Find the string "component" in the data, then copy every line where it is found.

Start of Provided data

(* Let $G\cong\mathbb{Z}_m\times Q_{2^n}$, where $m$ is odd and $n\ge 3$. Then the difference graph $\mathcal{D}(G)$ is connected and has diameter at most $3$.
   Context: For a finite group $G$ with identity $e$: the intersection power graph $\mathcal{G}_I(G)$ has vertex set $G$, two distinct non-identity vertices $x,y$ being adjacent iff $\langle x\rangle\cap\langle y\rangle\neq\{e\}$, and $e$ being adjacent to every other vertex. The power graph $\mathcal{P}(G)$ has vertex set $G$, two distinct vertices being adjacent iff one is a power of the other. The difference graph $\mathcal{D}(G)$ is the graph on vertex set $G$ with edge set $E(\mathcal{G}_I(G))\setminus E(\mathcal{P}(G))$, with all isolated vertices removed. $Q_{2^n}$ is the generalized quaternion group $\langle x,y\mid x^{2^{n-1}}=1,\ y^2=x^{2^{n-2}},\ y^{-1}xy=x^{-1}\rangle$ of order $2^n$. *)

theory Defs
  imports "HOL-Algebra.Algebra"
begin

text \<open>Concrete model of the generalized quaternion group Q_{2^n}:
  the pair (a,b) with 0 \<le> a < 2^(n-1), b \<in> {0,1} stands for x^a y^b, where
  x^(2^(n-1)) = 1, y^2 = x^(2^(n-2)), y^-1 x y = x^-1 (so y x^c = x^-c y).\<close>
definition quaternion_group :: "nat \<Rightarrow> (int \<times> int) monoid" where
  "quaternion_group n =
     \<lparr> carrier = {0..<2^(n-1)} \<times> {0,1},
       monoid.mult = (\<lambda>p q.
          ((fst p + (if snd p = 0 then fst q else - fst q)
              + (if snd p = 1 \<and> snd q = 1 then 2^(n-2) else 0)) mod 2^(n-1),
           (snd p + snd q) mod 2)),
       one = (0,0) \<rparr>"

definition ipg_adj :: "('a, 'b) monoid_scheme \<Rightarrow> 'a \<Rightarrow> 'a \<Rightarrow> bool" where
  "ipg_adj G x y \<longleftrightarrow> x \<in> carrier G \<and> y \<in> carrier G \<and> x \<noteq> y \<and>
     (x = \<one>\<^bsub>G\<^esub> \<or> y = \<one>\<^bsub>G\<^esub> \<or> generate G {x} \<inter> generate G {y} \<noteq> {\<one>\<^bsub>G\<^esub>})"

definition pg_adj :: "('a, 'b) monoid_scheme \<Rightarrow> 'a \<Rightarrow> 'a \<Rightarrow> bool" where
  "pg_adj G x y \<longleftrightarrow> x \<in> carrier G \<and> y \<in> carrier G \<and> x \<noteq> y \<and>
     ((\<exists>k::nat. y = x [^]\<^bsub>G\<^esub> k) \<or> (\<exists>k::nat. x = y [^]\<^bsub>G\<^esub> k))"

definition diff_edges :: "('a, 'b) monoid_scheme \<Rightarrow> ('a \<times> 'a) set" where
  "diff_edges G = {(x, y). ipg_adj G x y \<and> \<not> pg_adj G x y}"

definition diff_vertices :: "('a, 'b) monoid_scheme \<Rightarrow> 'a set" where
  "diff_vertices G = {x. \<exists>y. (x, y) \<in> diff_edges G}"

end

(* In a finite group, x and y are adjacent in D(G) iff some nontrivial power of x is a power
   of y while neither of x, y is a power of the other. This condition only mentions powers, so
   it is carried along the isomorphism to the concrete model Z_m x Q_{2^n}, where it can be
   computed.

   In Q_{2^n} = <x, y> the element z = x^(2^(n-2)) is the unique involution. As m is odd, z is a
   power of every element whose Q-component is nontrivial, and z itself is isolated in D(G).
   Consequently every non-isolated vertex is adjacent to x, to y, or, if it lies in Z_m, to both
   b x y and b y for some b in Z_m: the Z_m-component of any element w is a power of w. Since
   x - y, x - b x y, y - b x y and b x y - b' y are edges, any two non-isolated vertices are
   joined by a path of length at most 3. *)

theory Submission
  imports Defs "HOL-Computational_Algebra.Factorial_Ring"
begin

definition diff_adj :: "('a, 'b) monoid_scheme \<Rightarrow> 'a \<Rightarrow> 'a \<Rightarrow> bool" where
  "diff_adj G x y \<longleftrightarrow> x \<in> carrier G \<and> y \<in> carrier G \<and>
     (\<exists>(i::nat) (j::nat). x [^]\<^bsub>G\<^esub> i = y [^]\<^bsub>G\<^esub> j \<and> x [^]\<^bsub>G\<^esub> i \<noteq> \<one>\<^bsub>G\<^esub>) \<and>
     (\<forall>k :: nat. y \<noteq> x [^]\<^bsub>G\<^esub> k) \<and> (\<forall>k :: nat. x \<noteq> y [^]\<^bsub>G\<^esub> k)"

lemma diff_adj_sym: "diff_adj G x y \<Longrightarrow> diff_adj G y x"
  unfolding diff_adj_def by (metis (no_types))

lemma (in group) diff_edges_iff_diff_adj:
  assumes "finite (carrier G)"
  shows "(x, y) \<in> diff_edges G \<longleftrightarrow> diff_adj G x y"
proof -
  have common_power: "generate G {x} \<inter> generate G {y} \<noteq> {\<one>} \<longleftrightarrow>
      (\<exists>(i::nat) (j::nat). x [^] i = y [^] j \<and> x [^] i \<noteq> \<one>)"
    if "x \<in> carrier G" "y \<in> carrier G"
  proof -
    have "\<one> \<in> generate G {x} \<inter> generate G {y}"
      using generate.one by blast
    then have "generate G {x} \<inter> generate G {y} \<noteq> {\<one>} \<longleftrightarrow>
        (\<exists>z \<in> generate G {x} \<inter> generate G {y}. z \<noteq> \<one>)"
      by blast
    also have "\<dots> \<longleftrightarrow> (\<exists>(i::nat) (j::nat). x [^] i = y [^] j \<and> x [^] i \<noteq> \<one>)"
      using generate_pow_on_finite_carrier[OF assms] that by auto
    finally show ?thesis .
  qed
  have "(x, y) \<in> diff_edges G \<longleftrightarrow> x \<in> carrier G \<and> y \<in> carrier G \<and> x \<noteq> y \<and>
      (x = \<one> \<or> y = \<one> \<or> (\<exists>(i::nat) (j::nat). x [^] i = y [^] j \<and> x [^] i \<noteq> \<one>)) \<and>
      (\<forall>k :: nat. y \<noteq> x [^] k) \<and> (\<forall>k :: nat. x \<noteq> y [^] k)"
    unfolding diff_edges_def ipg_adj_def pg_adj_def using common_power by auto
  also have "\<dots> \<longleftrightarrow> diff_adj G x y"
  proof -
    have "x [^] (1::nat) = x" "y [^] (1::nat) = y" if "x \<in> carrier G" "y \<in> carrier G"
      using that by simp_all
    then show ?thesis
      unfolding diff_adj_def by (metis nat_pow_0)
  qed
  finally show ?thesis .
qed

(* Unlike hom_one this does not need H to be a group; the model of Q_{2^n} is never shown
   to be one. *)
lemma iso_one_if_right_unit:
  assumes "group G" "\<phi> \<in> iso G H" "\<one>\<^bsub>H\<^esub> \<in> carrier H"
    and "\<And>z. z \<in> carrier H \<Longrightarrow> z \<otimes>\<^bsub>H\<^esub> \<one>\<^bsub>H\<^esub> = z"
  shows "\<phi> \<one>\<^bsub>G\<^esub> = \<one>\<^bsub>H\<^esub>"
proof -
  have hom: "\<phi> \<in> hom G H" and "\<phi> ` carrier G = carrier H"
    using assms(2) by (simp_all add: iso_def bij_betw_def)
  then obtain g where g: "g \<in> carrier G" "\<phi> g = \<one>\<^bsub>H\<^esub>"
    using assms(3) by (metis imageE)
  have one: "\<one>\<^bsub>G\<^esub> \<in> carrier G"
    using assms(1) by (simp add: group.is_monoid monoid.one_closed)
  have "\<one>\<^bsub>H\<^esub> = \<phi> (\<one>\<^bsub>G\<^esub> \<otimes>\<^bsub>G\<^esub> g)"
    using assms(1) g by (simp add: group.is_monoid monoid.l_one)
  also have "\<dots> = \<phi> \<one>\<^bsub>G\<^esub> \<otimes>\<^bsub>H\<^esub> \<one>\<^bsub>H\<^esub>"
    using hom g one by (simp add: hom_mult)
  also have "\<dots> = \<phi> \<one>\<^bsub>G\<^esub>"
    using hom one assms(4) by (simp add: hom_in_carrier)
  finally show ?thesis by simp
qed

lemma hom_nat_pow_if_one:
  assumes "monoid G" "\<phi> \<in> hom G H" "\<phi> \<one>\<^bsub>G\<^esub> = \<one>\<^bsub>H\<^esub>" "x \<in> carrier G"
  shows "\<phi> (x [^]\<^bsub>G\<^esub> (k :: nat)) = \<phi> x [^]\<^bsub>H\<^esub> k"
  using assms by (induction k) (simp_all add: hom_mult monoid.nat_pow_closed)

End of Provided data

* [Response to this task]
   power of every element whose Q-component is nontrivial, and z itself is isolated in D(G).
   b x y and b y for some b in Z_m: the Z_m-component of any element w is a power of w. Since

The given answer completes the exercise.